American actor (born 1986)

Paul Walter Hauser (born October 15, 1986) is an American actor and professional wrestler. He starred as murderer Larry Hall in the 2022 true crime miniseries Black Bird, for which he won a Golden Globe Award and a Primetime Emmy Award, and is also known for his portrayal of Stingray in the Netflix series Cobra Kai. His breakout performance was as the title character in Clint Eastwood's drama film Richard Jewell in 2019. He has also provided the voice of Embarrassment in Pixar's Inside Out 2 in 2024. The following year, he portrayed Bruce Springsteen's recording engineer in Springsteen: Deliver Me from Nowhere and supervillain Harvey Elder / Mole Man in The Fantastic Four: First Steps. As an occasional professional wrestler, Hauser is signed to Major League Wrestling.

==Early life and education ==
Hauser was raised in Saginaw, Michigan. His parents are Deborah and Rev. Paul Hauser, a Lutheran minister.

He attended Valley Lutheran High School, a private parochial school in Saginaw. He attended Concordia University Chicago before dropping out to pursue a career in the entertainment industry.

== Career ==
Hauser portrayed Shawn Eckhardt in the 2017 film I, Tonya, Dale in the 2010 film Virginia, and Keith in the television series Kingdom. Hauser was initially cast as an extra for Virginia as his acting debut, and complimented director Dustin Lance Black for his speech after winning the Academy Award for Best Original Screenplay in 2009 for Milk (2008); this led to Black writing him a larger role in the movie.
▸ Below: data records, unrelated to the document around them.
fun mwrite :: "'a resource \<Rightarrow> 'a mem \<Rightarrow> 'a val \<Rightarrow> 'a mem option" where
  "mwrite (Ref A n) \<sigma> v =
     (case \<sigma> n of
        None \<Rightarrow> None
      | Some (Cell s B x) \<Rightarrow>
          if B = A \<and> s = Internal then Some (\<sigma>(n \<mapsto> Cell Internal A (Some v)))
          else if B = A \<and> s = Output True \<and> x = None
            then Some (\<sigma>(n \<mapsto> Cell (Output False) A (Some v)))
          else None)"

fun step :: "'a rsf \<Rightarrow> 'a val \<Rightarrow> 'a mem \<Rightarrow> ('a val \<times> 'a mem) option" where
  "step (Arr f) x \<sigma> = Some (f x, \<sigma>)"
| "step (Comp t1 t2) x \<sigma> =
     (case step t1 x \<sigma> of None \<Rightarrow> None | Some (y, \<sigma>') \<Rightarrow> step t2 y \<sigma>')"
| "step (First t) (VPair x c) \<sigma> =
     (case step t x \<sigma> of None \<Rightarrow> None | Some (y, \<sigma>') \<Rightarrow> Some (VPair y c, \<sigma>'))"
| "step (First t) VUnit \<sigma> = None"
| "step (First t) (VAtom a) \<sigma> = None"
| "step (Get r) x \<sigma> =
     (case mread r \<sigma> of None \<Rightarrow> None | Some (y, \<sigma>') \<Rightarrow> Some (VPair x y, \<sigma>'))"
| "step (Set r) (VPair x y) \<sigma> = map_option (\<lambda>\<sigma>'. (x, \<sigma>')) (mwrite r \<sigma> y)"
| "step (Set r) VUnit \<sigma> = None"
| "step (Set r) (VAtom a) \<sigma> = None"

record 'a prog =
  inputs :: "'a ty list"
  internals :: "('a ty \<times> 'a val) list"
  outputs :: "'a ty list"
  program :: "'a rsf"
He had the recurring role of Deshawn in the Amazon web series Betas, and in 2018 appeared as Lonnie Laloush in Super Troopers 2 and as Ivanhoe in BlacKkKlansman. He has also appeared as a guest star on the television series Unbreakable Kimmy Schmidt, The Night Shift, Superstore, Key & Peele, It's Always Sunny in Philadelphia, Community, Blunt Talk, I Think You Should Leave, Bupkis, and Cobra Kai. In 2019, he starred in Clint Eastwood's Richard Jewell, portraying the title role, Richard Jewell, the real life security guard who spotted the bomb at the Centennial Olympic Park bombing. In 2020, he starred in Songbird, a film based on the COVID-19 pandemic.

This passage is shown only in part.